I attached the output as a text file.


----------



## tuaris (Jan 31, 2009)

I would really like not to have to uninstall everything PHP, but if it's the only way.  Then please tell me how to do it.


----------



## tuaris (Feb 3, 2009)

Can some one please help? My PHP is broken.


----------



## danger@ (Feb 3, 2009)

`# pkg_delete -f php5-\*`


----------



## tuaris (Feb 3, 2009)

That did not work:

pkg_delete -f php5-\*
pkg_delete: package 'php5-bz2-5.2.8' is required by these other packages
and may not be deinstalled (but I'll delete it anyway):
phpMyAdmin-3.1.2
Segmentation fault: 11 (core dumped)


----------



## danger@ (Feb 3, 2009)

your system is broken, I don't know what's going on...
would be helpful to know what's dumping core for you...


----------



## tuaris (Feb 3, 2009)

I was finally able to get this fixed, and it wasn't pretty.

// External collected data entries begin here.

lemma dist_W_eqI:
  assumes \<pi>: "bij_betw \<pi> G G'" and \<sigma>: "bij_betw \<sigma> (ZSpace m) (ZSpace m)"
    and zprob: "\<And>z. z \<in> ZSpace m \<Longrightarrow> zprob m \<delta> (\<sigma> z) = zprob m \<delta> z"
    and high: "\<And>z z'. z \<in> ZSpace m \<Longrightarrow> z' \<in> ZSpace m \<Longrightarrow>
      Wgt m r (\<sigma> z) = Wgt m r (\<sigma> z') \<longleftrightarrow> Wgt m r z = Wgt m r z'"
    and shift: "\<And>u u' z z'. u \<in> G \<Longrightarrow> u' \<in> G \<Longrightarrow> z \<in> ZSpace m \<Longrightarrow> z' \<in> ZSpace m \<Longrightarrow>
      Wgt m r z = Wgt m r z' \<Longrightarrow>
      (\<lambda>S. \<pi> u S + Wr m r (\<sigma> z) S) = (\<lambda>S. \<pi> u' S + Wr m r (\<sigma> z') S)
        \<longleftrightarrow> (\<lambda>S. u S + Wr m r z S) = (\<lambda>S. u' S + Wr m r z' S)"
  shows "dist_W m \<delta> r G' = dist_W m \<delta> r G"
proof -
  let ?h = "map_prod \<pi> \<sigma>"
  define P where "P H = (\<lambda>(u::nat set \<Rightarrow> bit, z). zprob m \<delta> z / real (card H))"
    for H :: "(nat set \<Rightarrow> bit) set"
  define X where "X = (\<lambda>(u::nat set \<Rightarrow> bit, z). \<lambda>S. u S + Wr m r z S)"
  define Y where "Y = (\<lambda>(u::nat set \<Rightarrow> bit, z). Wgt m r z)"
  have card: "card G' = card G" using bij_betw_same_card[OF \<pi>] by simp
  have h: "bij_betw ?h (G \<times> ZSpace m) (G' \<times> ZSpace m)" using \<pi> \<sigma> by (rule bij_betw_map_prod)
  have p: "P G' (?h \<omega>) = P G \<omega>" if "\<omega> \<in> G \<times> ZSpace m" for \<omega>
    using that zprob card by (auto simp: P_def)
  note entropy2_eq = entropy2_bij_betw[where p' = "P G'" and p = "P G", OF h p]
  have "entropy2 G' (\<lambda>u. 1 / real (card G')) id = entropy2 G (\<lambda>u. 1 / real (card G)) id"
    by (rule entropy2_bij_betw[OF \<pi>]) (use card bij_betw_imp_inj_on[OF \<pi>] in \<open>auto simp: inj_on_def\<close>)
  moreover have "entropy2 (G' \<times> ZSpace m) (P G') Y = entropy2 (G \<times> ZSpace m) (P G) Y"
    by (rule entropy2_eq) (auto simp: Y_def high)
  moreover have "entropy2 (G' \<times> ZSpace m) (P G') (\<lambda>\<omega>. (X \<omega>, Y \<omega>))
      = entropy2 (G \<times> ZSpace m) (P G) (\<lambda>\<omega>. (X \<omega>, Y \<omega>))"
  proof (rule entropy2_eq)
    fix \<omega> \<omega>' assume "\<omega> \<in> G \<times> ZSpace m" "\<omega>' \<in> G \<times> ZSpace m"
    then show "(X (?h \<omega>), Y (?h \<omega>)) = (X (?h \<omega>'), Y (?h \<omega>'))
        \<longleftrightarrow> (X \<omega>, Y \<omega>) = (X \<omega>', Y \<omega>')"
      using high shift by (auto simp: X_def Y_def)
  qed
  ultimately show ?thesis
    by (simp add: dist_W_def cond_entropy2_def P_def X_def Y_def)
qed

theorem lemma6p4:
  fixes m r :: nat and \<delta> :: real and A :: "bit mat" and b :: "bit vec"
    and G :: "(nat set \<Rightarrow> bit) set"
  assumes "1 \<le> m" and "r \<le> m" and "0 < \<delta>" and "\<delta> < 1/2"
    and "A \<in> carrier_mat m m" and "invertible_mat A" and "b \<in> carrier_vec m"
    and "f2_subspace m r G"
  shows "dist_W m \<delta> r G = dist_W m \<delta> r (pi_map m A b r ` G)"
proof -
  note A = \<open>A \<in> carrier_mat m m\<close> and b = \<open>b \<in> carrier_vec m\<close>
  obtain B where B: "B \<in> carrier_mat m m" and AB: "A * B = 1\<^sub>m m" and BA: "B * A = 1\<^sub>m m"
    using invertible_mat_obtain_inverse[OF A \<open>invertible_mat A\<close>] .
  have G: "G \<subseteq> vecs m r" using \<open>f2_subspace m r G\<close> by (simp add: f2_subspace_def)
  have \<phi>: "bij_betw (\<lambda>x. A *\<^sub>v x + b) (carrier_vec m) (carrier_vec m)"
    by (rule bij_betw_affine[OF A B AB BA b])
  show ?thesis
  proof (rule dist_W_eqI[symmetric])
    show "bij_betw (pi_map m A b r) G (pi_map m A b r ` G)"
      using inj_on_subset[OF inj_on_pi_map[OF A B AB b] G] by (rule bij_betw_imageI) simp
    show "bij_betw (\<lambda>z. compose (carrier_vec m) z (\<lambda>x. A *\<^sub>v x + b)) (ZSpace m) (ZSpace m)"
      unfolding ZSpace_def by (rule bij_betw_compose_PiE[OF \<phi>])
    show "zprob m \<delta> (compose (carrier_vec m) z (\<lambda>x. A *\<^sub>v x + b)) = zprob m \<delta> z" for z
      by (rule zprob_compose[OF \<phi>])
  next
    fix u u' z z'
    show "Wgt m r (compose (carrier_vec m) z (\<lambda>x. A *\<^sub>v x + b))
        = Wgt m r (compose (carrier_vec m) z' (\<lambda>x. A *\<^sub>v x + b)) \<longleftrightarrow> Wgt m r z = Wgt m r z'"
      unfolding Wgt_compose by (rule Wgt_affine_subst_eq_iff[OF A B AB b])
    assume "u \<in> G" "u' \<in> G" and "Wgt m r z = Wgt m r z'"
    with G show "(\<lambda>S. pi_map m A b r u S + Wr m r (compose (carrier_vec m) z (\<lambda>x. A *\<^sub>v x + b)) S)
        = (\<lambda>S. pi_map m A b r u' S + Wr m r (compose (carrier_vec m) z' (\<lambda>x. A *\<^sub>v x + b)) S)
      \<longleftrightarrow> (\<lambda>S. u S + Wr m r z S) = (\<lambda>S. u' S + Wr m r z' S)"
      unfolding Wr_compose by (intro Wr_shift_affine_subst_eq_iff[OF A B AB b]) auto
  qed
qed

end
lemma (in real_distribution) char_power_tendsto:
  assumes "integrable M (\<lambda>x. x)" "expectation (\<lambda>x. x) = 0"
    and "integrable M (\<lambda>x. x\<^sup>2)" "expectation (\<lambda>x. x\<^sup>2) = s"
  shows "(\<lambda>n. char M (1 / sqrt (real n)) ^ n) \<longlonglongrightarrow> complex_of_real (exp (- s / 2))"
proof -
  define E where "E n = expectation (\<lambda>x. min (6 * x\<^sup>2) (\<bar>1 / sqrt (real n)\<bar> * \<bar>x\<bar> ^ 3))"
    for n :: nat
  have close: "\<forall>\<^sub>F n in sequentially.
      cmod (char M (1 / sqrt (real n)) ^ n - (1 + (- s / 2) / n) ^ n) \<le> 1 / 6 * E n"
    using eventually_ge_at_top[of "nat \<lceil>s / 4\<rceil> + 1"]
  proof eventually_elim
    case (elim n)
    have "real (nat \<lceil>s / 4\<rceil>) \<le> real n"
      using elim by (intro of_nat_mono) linarith
    then have "s \<le> 4 * real n"
      using real_nat_ceiling_ge[of "s / 4"] by linarith
    with elim show ?case
      unfolding E_def by (intro norm_char_power_sub_le[OF assms]) simp_all
  qed
  have "(\<lambda>n. 1 / 6 * E n) \<longlonglongrightarrow> 1 / 6 * (\<integral>x. 0 \<partial>M)"
    unfolding E_def
  proof (intro tendsto_mult_left integral_dominated_convergence[where w = "\<lambda>x. 6 * x\<^sup>2"] AE_I2)
    have "(\<lambda>n. 1 / sqrt (real n)) \<longlonglongrightarrow> 0"
      by (intro tendsto_divide_0[OF tendsto_const] filterlim_at_top_imp_at_infinity
          filterlim_compose[OF sqrt_at_top filterlim_real_sequentially])
    then have "(\<lambda>n. \<bar>1 / sqrt (real n)\<bar> * \<bar>x\<bar> ^ 3) \<longlonglongrightarrow> 0 * \<bar>x\<bar> ^ 3" for x :: real
      by (intro tendsto_mult tendsto_const tendsto_rabs_zero)
    then show "(\<lambda>n. min (6 * x\<^sup>2) (\<bar>1 / sqrt (real n)\<bar> * \<bar>x\<bar> ^ 3)) \<longlonglongrightarrow> 0" for x :: real
      using tendsto_min[OF tendsto_const, of _ 0 sequentially "6 * x\<^sup>2"] by simp
  qed (use assms(3) in auto)
  then have error: "(\<lambda>n. 1 / 6 * E n) \<longlonglongrightarrow> 0"
    by simp
  have "(\<lambda>n. complex_of_real ((1 + (- s / 2) / n) ^ n)) \<longlonglongrightarrow> complex_of_real (exp (- s / 2))"
    by (intro tendsto_of_real tendsto_exp_limit_sequentially)
  then show ?thesis
    by (rule Lim_transform) (use Lim_null_comparison[OF close error] in simp)
qed

section \<open>The Gaussian limit\<close>

lemma borel_measurable_vec_lambda_std_normal_vec:
  "(\<lambda>Z. \<chi> \<alpha>. Z \<alpha>) \<in> borel_measurable (std_normal_vec :: ('c::finite \<Rightarrow> real) measure)"
proof (subst borel_measurable_euclidean_space, intro ballI)
  fix b :: "real ^ 'c"
  assume "b \<in> Basis"
  then obtain i where "b = axis i 1" by (auto simp: Basis_vec_def)
  then show "(\<lambda>Z. (\<chi> \<alpha>. Z \<alpha>) \<bullet> b) \<in> borel_measurable std_normal_vec"
    unfolding std_normal_vec_def by (simp add: inner_axis) measurable
qed

lemma limit_law_eq_distr_center:
  "limit_law w = distr std_normal_vec borel
     (\<lambda>Z. (sqrt (var_w w CARD('c)) * sqrt (real CARD('c) / (real CARD('c) - 1))) *\<^sub>R
       center (\<chi> \<alpha>. Z \<alpha>) :: real ^ 'c::finite)"
  by (simp add: limit_law_def center_def)

lemma borel_measurable_limit_map:
  "(\<lambda>Z. a *\<^sub>R center (\<chi> \<alpha>. Z \<alpha>)) \<in> borel_measurable (std_normal_vec :: ('c::finite \<Rightarrow> real) measure)"
proof -
  have "continuous_on UNIV (\<lambda>x :: real ^ 'c. a *\<^sub>R center x)"
    unfolding center_def by (intro continuous_intros) auto
  then show ?thesis
    by (intro measurable_compose[OF borel_measurable_vec_lambda_std_normal_vec]
        borel_measurable_continuous_onI)
qed

lemma borel_prob_space_limit_law: "borel_prob_space (limit_law w :: (real ^ 'c::finite) measure)"
  unfolding limit_law_eq_distr_center
  by (intro prob_space.borel_prob_space_distr borel_measurable_limit_map)
    (auto simp: std_normal_vec_def
      intro: prob_space_PiM real_distribution.axioms(1) real_dist_normal_dist)

lemma char_vec_limit_law:
  fixes u :: "real ^ 'c::finite"
  defines "m \<equiv> real CARD('c)"
  assumes "CARD('c) \<ge> 2"
  shows "char_vec (limit_law w) u = exp (- (var_w w CARD('c) * (m / (m - 1)) * (u \<bullet> center u)) / 2)"
proof -
  define \<kappa> where "\<kappa> = sqrt (var_w w CARD('c)) * sqrt (m / (m - 1))"
  define c where "c \<alpha> = \<kappa> * center u $ \<alpha>" for \<alpha>
  have "\<kappa>\<^sup>2 = var_w w CARD('c) * (m / (m - 1))"
    using var_w_nonneg[of w "CARD('c)"] assms(2) by (simp add: \<kappa>_def m_def power_mult_distrib)
  moreover have "(\<Sum>\<alpha>\<in>UNIV. (c \<alpha>)\<^sup>2) = \<kappa>\<^sup>2 * (center u \<bullet> center u)"
    by (simp add: c_def power_mult_distrib inner_vec_def power2_eq_square sum_distrib_left mult_ac)
  moreover have "center u \<bullet> center u = u \<bullet> center u"
    by (simp add: inner_center_commute center_center)
  ultimately have c_sq: "(\<Sum>\<alpha>\<in>UNIV. (c \<alpha>)\<^sup>2) = var_w w CARD('c) * (m / (m - 1)) * (u \<bullet> center u)"
    by simp
  interpret P: product_prob_space "\<lambda>_::'c. std_normal_distribution"
    by (intro product_prob_spaceI real_distribution.axioms(1) real_dist_normal_dist)
  have "char_vec (limit_law w) u = (CLINT Z|std_normal_vec. iexp (u \<bullet> (\<kappa> *\<^sub>R center (\<chi> \<alpha>. Z \<alpha>))))"
    unfolding char_vec_def limit_law_eq_distr_center \<kappa>_def m_def
    by (rule integral_distr[OF borel_measurable_limit_map]) measurable
  also have "\<dots> = (CLINT Z|std_normal_vec. (\<Prod>\<alpha>\<in>UNIV. iexp (c \<alpha> * Z \<alpha>)))"
    unfolding inner_scaleR_right inner_center_commute
    by (simp add: c_def inner_vec_def exp_sum[symmetric] sum_distrib_left mult_ac)
  also have "\<dots> = (\<Prod>\<alpha>\<in>UNIV. CLINT x|std_normal_distribution. iexp (c \<alpha> * x))"
    unfolding std_normal_vec_def
    by (rule P.product_integral_prod[where f = "\<lambda>\<alpha> x. iexp (c \<alpha> * x)"])
      (auto intro!: prob_space.integrable_iexp real_distribution.axioms(1) real_dist_normal_dist)
  also have "\<dots> = (\<Prod>\<alpha>\<in>UNIV. complex_of_real (exp (- (c \<alpha>)\<^sup>2 / 2)))"
    using char_std_normal_distribution unfolding char_def by (simp add: fun_eq_iff)
  also have "\<dots> = exp (- (\<Sum>\<alpha>\<in>UNIV. (c \<alpha>)\<^sup>2) / 2)"
    by (simp add: exp_sum sum_divide_distrib flip: of_real_prod sum_negf)
  finally show ?thesis
    unfolding c_sq .
qed
(* Let $y=Fx+u\in\mathcal Y_N$. For any $v\in\mathcal Y_N$, $$\int_{-N}^NT^{\rm qnll}(y;x)\nabla v\,dx\le\tfrac12M^{(3,0)}\|\nabla u\|^2_{L^4(\Omega_{\rm l})}\|\nabla v\|_{L^2(\Omega_{\rm l})},$$ where $T^{\rm qnll}(y;x)=W_{\rm L}'(\nabla y(x))-W'(\nabla y(x))$ for $x\in\Omega_{\rm l}$ and $T^{\rm qnll}(y;x)=0$ otherwise.
   Context: One-dimensional lattice $\mathbb Z$, $F>0$. For a lattice function $w$, $\nabla w(x)=w(\xi)-w(\xi-1)$ for $x\in(\xi-1,\xi)$. $\mathcal Y_N=\{Fx+u: u:\mathbb Z\to\mathbb R,\ u(\xi)=0$ for $|\xi|\ge N\}$. $\mathcal R=\{\pm1,\pm2\}$, $V\in C^3(\mathbb R^{\mathcal R})$; $m(\boldsymbol\rho)=\prod_i|\rho_i|\sup_g|\partial_{\rho_1}\cdots\partial_{\rho_j}V(g)|$ for $\boldsymbol\rho\in\mathcal R^j$, $M^{(j,s)}=\sum_{\boldsymbol\rho\in\mathcal R^j}m(\boldsymbol\rho)|\boldsymbol\rho|_\infty^s$. $W(G)=V((G\rho)_{\rho\in\mathcal R})$; $W_{\rm L}(G)=W(F)+W'(F)(G-F)+\frac12W''(F)(G-F)^2$. $\Omega_{\rm l}=[-N,-L]\cup[L,N]$ for an integer $L<N$. $T^{\rm qnll}$ is the stress difference between the QNLL model (using $W_{\rm L}$ on $\Omega_{\rm l}$) and the QNL model (using $W$ there); they agree off $\Omega_{\rm l}$. *)

theory Defs
  imports "HOL-Analysis.Analysis"
begin

text \<open>Interaction range R = {-2,-1,1,2}; the space of site-potential arguments
  is R^R, represented as real^4 with coordinates indexed via rho_of / ridx.\<close>

definition Rset :: "int set" where
  "Rset = {-2, -1, 1, 2}"

definition rho_of :: "4 \<Rightarrow> int" where
  "rho_of i = (if i = 1 then -2 else if i = 2 then -1 else if i = 3 then 1 else 2)"

definition ridx :: "int \<Rightarrow> 4" where
  "ridx r = (if r = -2 then 1 else if r = -1 then 2 else if r = 1 then 3 else 4)"

definition partial :: "4 \<Rightarrow> (real^4 \<Rightarrow> real) \<Rightarrow> real^4 \<Rightarrow> real" where
  "partial i f g = deriv (\<lambda>t. f (g + t *\<^sub>R axis i 1)) 0"

definition has_partials :: "(real^4 \<Rightarrow> real) \<Rightarrow> bool" where
  "has_partials f \<longleftrightarrow> (\<forall>i g. (\<lambda>t. f (g + t *\<^sub>R axis i 1)) differentiable (at 0))"

definition C3 :: "(real^4 \<Rightarrow> real) \<Rightarrow> bool" where
  "C3 f \<longleftrightarrow> continuous_on UNIV f \<and> has_partials f \<and>
     (\<forall>i. continuous_on UNIV (partial i f) \<and> has_partials (partial i f)) \<and>
     (\<forall>i j. continuous_on UNIV (partial j (partial i f)) \<and> has_partials (partial j (partial i f))) \<and>
     (\<forall>i j k. continuous_on UNIV (partial k (partial j (partial i f))))"

definition d3 :: "(real^4 \<Rightarrow> real) \<Rightarrow> int \<Rightarrow> int \<Rightarrow> int \<Rightarrow> real^4 \<Rightarrow> real" where
  "d3 V r1 r2 r3 = partial (ridx r1) (partial (ridx r2) (partial (ridx r3) V))"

I had do go to each php5 port, delete it from /var/db/pkgdb, do a "make install" then a "make deinstall" until everything PHP was removed.  I rebuilt the ports db with "pkgdb -fu" and ran "portmaster -aud" to make sure everything is up to date.

After that, I was able to ahead and reinstall my PHP ports as needed.

My only question now is what happened? why did the command I first posted destroy my system?


----------



## mecano (Feb 6, 2009)

Have similar problem but with automake, have a read here http://www.nabble.com/pkg_delete-core-dump-td20546143.html
and here
http://forums.freebsd.org/showthread.php?t=2014


----------